Using regular expressions to split a string

  • Follow


Hi,

I have a quick question. Using regular expressions, is it possible to
split a string based on some special character (lets say &) but leave
the special character in if its preceeded by a \. so the string "this
is not split \& from this. & but this is" would produce two matches.
one would have the \& (which i suppose i will later have to replace
with the replace method).

I've got something along the lines of 

var PlayOptionsExpr = new RegExp("(.*)&(?!\\\\)") 

working, which will split if the ampersand is followed by a \. I was
wondering if it could be done with a preceding backslash. Is there any
regular expression command that can match a charcter if it is not
preceeded by a character?
0
Reply chaitanyag 8/25/2004 2:42:20 AM

In a land long ago, in a time far away
chaitanyag@hotmail.com (MENTAT) wrote:

> Hi,
[cut: finding \&]
> Is there any
> regular expression command that can match a charcter if it is not
> preceeded by a character?

Sure, [^a] for example will match any character that is not an 'a'.

So, [^\\]& should do it (unverified :)
If '&' can be at the beginning, use something like ^&|[^\\]&


Yours
P

-- 
Yours
P
0
Reply PatD 8/25/2004 8:06:28 AM


Try a lookbehind.  I'm not sure if they work in JavaScript.

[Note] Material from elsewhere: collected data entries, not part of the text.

lemma proj_independent_axis_bounded:
  fixes x y :: "int \<Rightarrow> 'a::metric_space"
  assumes geo: "geodesic_space TYPE('a)" and K: "K > 0"
    and ax: "contracting_axis K x" and ay: "contracting_axis K y" and ind: "independent x y"
  shows "\<exists>C. \<forall>m. \<forall>p\<in>proj (range x) (y m). dist p (x 0) \<le> C"
proof -
  define A where "A = range x"
  define E where "E = range y"
  have cA: "contracting K A" unfolding A_def by (rule contracting_axis_contracting[OF ax])
  have cE: "contracting K E" unfolding E_def by (rule contracting_axis_contracting[OF ay])
  obtain C where C: "\<And>z p. infdist z A \<le> 14 * K \<Longrightarrow> infdist z E \<le> 14 * K \<Longrightarrow> p \<in> proj A z \<Longrightarrow>
      dist p (x 0) \<le> C"
    using independent_proj_near_both_axes_bounded[OF ind ax contracting_axis_contracting[OF ay], of "14 * K"]
    unfolding A_def E_def by blast
  have "dist p (x 0) \<le> max (C + 8 * K) (3 * dist (y 0) (x 0) + 5 * K)"
    if p: "p \<in> proj A (y m)" for m p
  proof -
    define L where "L = dist (y 0) (y m)"
    obtain g where g0: "g 0 = y 0" and gL: "g L = y m" and g: "geodesic_segment L g"
      using geodesic_space_segment[OF geo] unfolding L_def by blast
    have near_E: "infdist (g t) E \<le> 14 * K" if "t \<in> {0..L}" for t
      using contracting_geodesic_stays_close[OF cE K g _ _ that] g0 gL K unfolding E_def by simp
    show ?thesis
    proof (cases "\<exists>s\<in>{0..L}. infdist (g s) A < 3 * K")
      case True
      then obtain s0 where s0: "s0 \<in> {0..L}" "infdist (g s0) A < 3 * K" by blast
      have "L \<in> {0..L}" unfolding L_def by simp
      then obtain t1 where t1: "t1 \<in> {0..L}" "infdist (g t1) A \<le> 3 * K"
        and near_p: "\<And>p1. p1 \<in> proj A (g t1) \<Longrightarrow> dist p1 p \<le> 8 * K"
        using geodesic_last_close_point[OF cA K g _ s0] p gL by auto
      obtain p1 where p1: "p1 \<in> proj A (g t1)" using contracting_proj_nonempty[OF cA] by blast
      have "dist p1 (x 0) \<le> C" using C[OF _ near_E[OF t1(1)] p1] t1(2) K by simp
      then have "dist p (x 0) \<le> C + 8 * K"
        using near_p[OF p1] dist_triangle[of p "x 0" p1] dist_commute[of p p1] by linarith
      then show ?thesis by simp
    next
      case False
      then have far: "\<forall>s\<in>{0<..L}. 3 * K \<le> infdist (g s) A" by (auto simp: not_less)
      obtain q where q: "q \<in> proj A (g 0)" using contracting_proj_nonempty[OF cA] by blast
      have "dist q p \<le> infdist (y 0) A + 5 * K"
        using bounded_geodesic_image[OF cA K g _ far q] p g0 gL unfolding L_def by simp
      moreover have "infdist (y 0) A \<le> dist (y 0) (x 0)" unfolding A_def by (rule infdist_le) simp
      moreover have "dist q (y 0) = infdist (y 0) A" using dist_proj[OF q] g0 by (simp add: dist_commute)
      ultimately have "dist p (x 0) \<le> 3 * dist (y 0) (x 0) + 5 * K"
        using dist_triangle[of p "x 0" q] dist_triangle[of q "x 0" "y 0"] dist_commute[of p q]
        by linarith
      then show ?thesis by simp
    qed
  qed
  then show ?thesis unfolding A_def by blast
qed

http://www.tote-taste.de/X-Project/regex/printable.html

Shawn

chaitanyag@hotmail.com (MENTAT) wrote in message news:<5a286c02.0408241842.18f759d1@posting.google.com>...
> Hi,
> 
> I have a quick question. Using regular expressions, is it possible to
> split a string based on some special character (lets say &) but leave
> the special character in if its preceeded by a \. so the string "this
> is not split \& from this. & but this is" would produce two matches.
> one would have the \& (which i suppose i will later have to replace
> with the replace method).
> 
> I've got something along the lines of 
> 
> var PlayOptionsExpr = new RegExp("(.*)&(?!\\\\)") 
> 
> working, which will split if the ampersand is followed by a \. I was
> wondering if it could be done with a preceding backslash. Is there any
> regular expression command that can match a charcter if it is not
> preceeded by a character?
0
Reply shawn 8/25/2004 12:48:02 PM

shawn.milo@gmail.com (Shawn Milo) writes:

> Try a lookbehind.  I'm not sure if they work in JavaScript.

They don't.

/L
-- 
Lasse Reichstein Nielsen  -  lrn@hotpop.com
 DHTML Death Colors: <URL:http://www.infimum.dk/HTML/rasterTriangleDOM.html>
  'Faith without judgement merely degrades the spirit divine.'
0
Reply Lasse 8/25/2004 4:32:36 PM

That will match both & and \&. I want to match the first but not the
second. What i need is a look behind assertion. Which, as lasse said,
javascript doesn't handle. So I don't think it can be done.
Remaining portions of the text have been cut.